Martin Wainwright 

Play streamed live from London draws a crowd in Harrogate

National Theatre performance of Phèdre plays to cinema audiences around the country
  
  

Helen Mirren in Phedre at the National Theatre
Helen Mirren in Phedre at the National Theatre. Photograph: Tristram Kenton Photograph: Tristram Kenton

The queue snaked out of the double doors of Harrogate Odeon and into the street last night, but not for Terminator, Transformers or the third Ice Age movie.

Turning their back on Andy Murray's battle with Ernests Gulbis or a sunny evening in the Valley Gardens, Yorkshire punters turned out en masse for Phèdre, the debut of National Theatre Live.

Streamed direct from the South Bank stage to 70 cinemas across the country (and another 200 overseas), the as-it-happens film had sold out in Harrogate before the weekend. Next week's La Traviata from the Royal Opera House is fully booked too and the second National production, All's Well That Ends Well, is going to be upgraded to the cinema's biggest auditorium in October.

"It's been brilliant but quite nerve-wracking," said the cinema manager, David Wilkinson, after a day of setting up digital links and a dish on the roof to take the broadcast from the ageing Thor satellite. Sound quality was a little wavery at the start but the audience flooding out at 9pm was 100% satisfied.

"Captivating, everything I'd hoped for," said Janet Hill, who should have been working a late shift at Harrogate's Turkish baths but got a colleague to cover. "I thought I wasn't going to get in but I was first in the queue for returns and, thank goodness, they found me a seat."

Seventeenth-century passions translated from French also went down well with the Miller family, who came to Harrogate after a parallel showing in York sold out even earlier. "Why? Well, it has got Helen Mirren in it, hasn't it," said 18-year-old Jake Miller, with the happy air of someone who has just finished their A-levels.

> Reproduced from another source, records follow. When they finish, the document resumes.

lemma lipschitz_ode_solution_exists:
  fixes f :: "'a::banach \<Rightarrow> 'a"
  assumes lip: "L-lipschitz_on UNIV f"
  shows "\<exists>y. y 0 = x0 \<and> (\<forall>t\<ge>0. (y has_vector_derivative f (y t)) (at t within {0..}))"
proof -
  define y where "y t = x0 + (\<Sum>i. picard_iter f x0 (Suc i) t - picard_iter f x0 i t)" for t
  have lim: "uniform_limit {0..T} (picard_iter f x0) y sequentially" if "0 \<le> T" for T
    unfolding y_def using picard_iter_uniform_limit[OF lip that] .
  have cf: "continuous_on UNIV f" using lipschitz_on_continuous_on[OF lip] .
  have cont_fy: "continuous_on {0..T} (\<lambda>s. f (y s))" if "0 \<le> T" for T
    using uniform_limit_theorem[OF _ lim[OF that]] continuous_on_picard_iter[OF cf]
    by (intro continuous_on_compose2[OF cf]) auto
  have integral_eq: "y t = x0 + integral {0..t} (\<lambda>s. f (y s))" if t: "0 \<le> t" for t
  proof -
    have "uniform_limit {0..t} (\<lambda>n s. f (picard_iter f x0 n s)) (\<lambda>s. f (y s)) sequentially"
      using lipschitz_on_uniformly_continuous[OF lip]
      by (intro uniform_limit_compose_uniformly_continuous_on[OF lim[OF t]]) auto
    then obtain I J where I: "\<And>n. ((\<lambda>s. f (picard_iter f x0 n s)) has_integral I n) {0..t}"
      and J: "((\<lambda>s. f (y s)) has_integral J) {0..t}" and IJ: "I \<longlonglongrightarrow> J"
      using continuous_on_compose2[OF cf continuous_on_picard_iter[OF cf]]
      by (rule uniform_limit_integral) auto
    have "(\<lambda>n. picard_iter f x0 (Suc n) t) \<longlonglongrightarrow> x0 + J"
      using IJ I[THEN integral_unique] by (simp add: picard_iter.simps(2) tendsto_add)
    moreover have "(\<lambda>n. picard_iter f x0 (Suc n) t) \<longlonglongrightarrow> y t"
      using LIMSEQ_Suc[OF tendsto_uniform_limitI[OF lim[OF t]]] t by auto
    ultimately show ?thesis
      using J by (metis LIMSEQ_unique integral_unique)
  qed
  have "(y has_vector_derivative f (y t)) (at t within {0..})" if t: "0 \<le> t" for t
  proof -
    have "((\<lambda>u. x0 + integral {0..u} (\<lambda>s. f (y s))) has_vector_derivative f (y t)) (at t within {0..t+1})"
      using integral_has_vector_derivative[OF cont_fy, of "t + 1" t] t
      by (auto intro!: derivative_eq_intros)
    then have "(y has_vector_derivative f (y t)) (at t within {0..t+1})"
      by (rule has_vector_derivative_transform[rotated 2]) (use t integral_eq in auto)
    moreover have "at t within {0..t+1} = at t within {0..}"
      by (rule at_within_nhd[of _ "{..<t+1}"]) auto
    ultimately show ?thesis by simp
  qed
  moreover have "y 0 = x0" using integral_eq[of 0] by simp
  ultimately show ?thesis by blast
qed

The tickets, at £10, were dearer than Harrogate's usual £7.30 but way below the rates paid by the audience at the National Theatre in London, whose coughs and rustles were screened out by targeted microphones. You could hear them clapping, though, and the Harrogate audience followed suit "Though we weren't sure whether to," said Jake's father, David, "seeing that we're 220 miles away."

Wilkinson and his staff were delighted with the sell-out at their cinema, which was picked because of Harrogate's cultured audience profile. The only downside, he said, was that it wasn't a very good evening for popcorn sales.